Travis on NCP

25 August 2019

It’s time for NextCloudPi to get adapted to the modern software development, Continuous Integration / Continuous Delivery. This is an implementation that should be done, in order to reduce risks for each build, automate the production and testing and clear the way to get valuable features out to users faster. Thus, one of my GSoC tasks was to create this missing feature.

If you’re trying to create a travis.yml file for a project like NCP, you’re also welcome to read this article, as I will go through the whole process till the final travis.yml.

The first thing I had to figure out was which CI/CD system to use. NextCloudPi project has a git repository on GitHub, which means that the choices among the CI systems were limited. The CI system that I finally decided to use was Travis CI.

Travis CI is a hosted continuous integration service used to build and test software projects hosted at GitHub. Travis is recommended for open source projects and is also cloud-based and supported by Docker to run tests, which in NCP case is important, since docker images exist as an alternative to arm images.

As of now, the .travis.yml that I created produces only NextCloudPi’s docker images (and its component docker images: debian-ncp, lamp and nextcloud) and not the native images, due to some issue I’m experiencing with the Locales.

One may wonder, why not use Docker automated builds then? It’s a fact that Docker itself is capable of automatically building images from github repos. However, it currently uses the stable version of Docker – thus, no experimental features are supported – and doesn’t allow to specify a certain Docker daemon. NextCloudPi’s Dockerfiles are using experimental features and therefore, using Travis CI to automate builds, is the best choice.

The .travis.yml I created is explained in the following image:

Let’s break it down and explain each step.

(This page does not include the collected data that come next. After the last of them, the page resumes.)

lemma snd_bak: "snd (bak a (x, y)) = a * y + (if x < 1/2 then 0 else 1 - a)"
  and fst_bak: "fst (bak a (x, y)) = fst (bak a' (x, y'))"
  by (auto simp: bak_def)

context baker_ratio
begin

lemma bak_inv_mem:
  assumes "p \<in> {0..<1} \<times> cantor a"
  shows "bak_inv a p \<in> {0..<1} \<times> cantor a"
  using assms cantor_low_branch cantor_high_branch by (auto simp: bak_inv_def split: prod.splits)

lemma bak_inv_iterate_mem:
  "p \<in> {0..<1} \<times> cantor a \<Longrightarrow> (bak_inv a ^^ n) p \<in> {0..<1} \<times> cantor a"
  by (induction n) (simp_all add: bak_inv_mem)

lemma bak_bak_inv:
  assumes "p \<in> {0..<1} \<times> cantor a"
  shows "bak a (bak_inv a p) = p"
  using assms pos cantor_low_branch cantor_high_branch
  by (auto simp: bak_inv_def bak_def field_simps split: prod.splits)

(* On this band the test a*y \<le> 1/2 still picks the branch that bak used, so bak_inv undoes bak
   also off the Cantor set. *)
definition collar_width :: real where
  "collar_width = (1 - 2*a) / (4*a)"

lemma collar_width_pos: "0 < collar_width"
  using pos less_half by (simp add: collar_width_def)

lemma bak_inv_bak:
  assumes "p \<in> band collar_width"
  shows "bak_inv a (bak a p) = p"
proof -
  obtain x y where p: "p = (x, y)" and "- collar_width \<le> y" "y \<le> 1 + collar_width"
    using assms by (auto simp: band_def)
  have "a*y \<le> a * (1 + collar_width)" "a * (- collar_width) \<le> a*y"
    by (rule mult_left_mono; use \<open>- collar_width \<le> y\<close> \<open>y \<le> 1 + collar_width\<close> pos in simp)+
  moreover have "a * (1 + collar_width) = (1 + 2*a)/4" "a * (- collar_width) = - (1 - 2*a)/4"
    using pos by (simp_all add: collar_width_def field_simps)
  ultimately have "a*y \<le> 1/2" "a - 1/2 < a*y" using less_half by auto
  then show ?thesis using pos p by (auto simp: bak_inv_def bak_def)
qed
lemma piecewise_tact_comp:
  assumes ga: "group_action \<alpha>" and f: "piecewise_tact \<alpha> A B f" and h: "piecewise_tact \<alpha> B C h"
  shows "piecewise_tact \<alpha> A C (h \<circ> f)"
proof (rule piecewise_tactI)
  have bf: "bij_betw f A B" and bh: "bij_betw h B C"
    using f h by (auto dest: piecewise_tact_bij_betw)
  then show "bij_betw (h \<circ> f) A C"
    by (rule bij_betw_trans)
  fix p
  assume p: "p \<in> A"
  obtain g \<sigma> U where U: "bij \<sigma>" "open U" "closed U" "p \<in> U" "\<And>q. q \<in> U \<inter> A \<Longrightarrow> f q = tact \<alpha> g \<sigma> q"
    using f p by (rule piecewise_tactE) blast
  have "f p \<in> B"
    using bf p by (auto simp: bij_betw_def)
  with h obtain g' \<sigma>' V where V: "bij \<sigma>'" "open V" "closed V" "f p \<in> V"
      "\<And>q. q \<in> V \<inter> B \<Longrightarrow> h q = tact \<alpha> g' \<sigma>' q"
    by (rule piecewise_tactE) blast
  define W where "W = U \<inter> tact \<alpha> g \<sigma> -` V"
  have "open W" "closed W"
    unfolding W_def using U V continuous_on_tact[OF ga]
    by (auto intro!: open_Int closed_Int open_vimage closed_vimage)
  moreover have "p \<in> W"
    unfolding W_def using U V p by auto
  moreover have "(h \<circ> f) q = tact \<alpha> (g' + g) (\<sigma>' \<circ> \<sigma>) q" if "q \<in> W \<inter> A" for q
  proof -
    have "f q = tact \<alpha> g \<sigma> q"
      using U(5) that unfolding W_def by blast
    moreover have "f q \<in> B"
      using bij_betw_apply[OF bf] that by blast
    ultimately show ?thesis
      using V(5) that unfolding W_def by (simp add: tact_tact[OF ga])
  qed
  ultimately show "\<exists>g \<sigma> U. bij \<sigma> \<and> open U \<and> closed U \<and> p \<in> U \<and> (\<forall>q\<in>U \<inter> A. (h \<circ> f) q = tact \<alpha> g \<sigma> q)"
    using bij_comp[OF U(1) V(1)] by (intro exI[of _ "g' + g"] exI[of _ "\<sigma>' \<circ> \<sigma>"] exI[of _ W]) simp
qed
(* Let $f(x,y)=\sqrt{\frac{x+y-2}{xy}}$ for real $x,y\geq 1$, and for real numbers $a>b\geq 2$ let $G(a,b)=f(a,b-1)-f(a-1,b)$. Then $G(a,b)>0$.
   Context: $f$ is only defined (in the paper) for arguments $x,y\geq 1$. *)

theory Defs
  imports Complex_Main
begin

definition f :: "real \<Rightarrow> real \<Rightarrow> real" where
  "f x y = sqrt ((x + y - 2) / (x * y))"

definition G :: "real \<Rightarrow> real \<Rightarrow> real" where
  "G a b = f a (b - 1) - f (a - 1) b"

end

theory Submission
  imports Defs
begin

text \<open>Both radicands of \<open>G a b\<close> share the numerator \<open>a + b - 3 > 0\<close>, while the
denominators satisfy \<open>(a - 1) b - a (b - 1) = a - b > 0\<close>; so the first radicand is
strictly larger, and \<open>sqrt\<close> is strictly monotone.\<close>

theorem lemma1p5:
  fixes a b :: real
  assumes "a > b" and "b \<ge> 2"
  shows "G a b > 0"
proof -
  have numerator_pos: "a + b - 3 > 0" using assms by linarith
  have denominator_pos: "a * (b - 1) > 0" using assms by simp
  have denominator_less: "a * (b - 1) < (a - 1) * b" using assms by (simp add: algebra_simps)
  have "(a + b - 3) / ((a - 1) * b) < (a + b - 3) / (a * (b - 1))"
    using numerator_pos denominator_pos denominator_less by (intro divide_strict_left_mono) auto
  then have "sqrt ((a - 1 + b - 2) / ((a - 1) * b)) < sqrt ((a + (b - 1) - 2) / (a * (b - 1)))"
    by (simp add: algebra_simps)
  then show ?thesis unfolding G_def f_def by simp
qed

end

Briefly, what Travis really does is cloning your git repository and run the commands of travis.yml on a machine. You can specify some details about the machine that will be used, but the choices are quite limited.

The first thing to do in a travis.yml is specify some details about the machine and your work like: do you need sudo? what languages are you using? what OS you need? which branches of your repo should be checked?

In our case, we definitely need sudo and we picked the generic pack of languages which contains Docker and python and we’ll install anything else we need. As for the OS, Ubuntu xenial, was the best option at the time of writing the travis.yml file.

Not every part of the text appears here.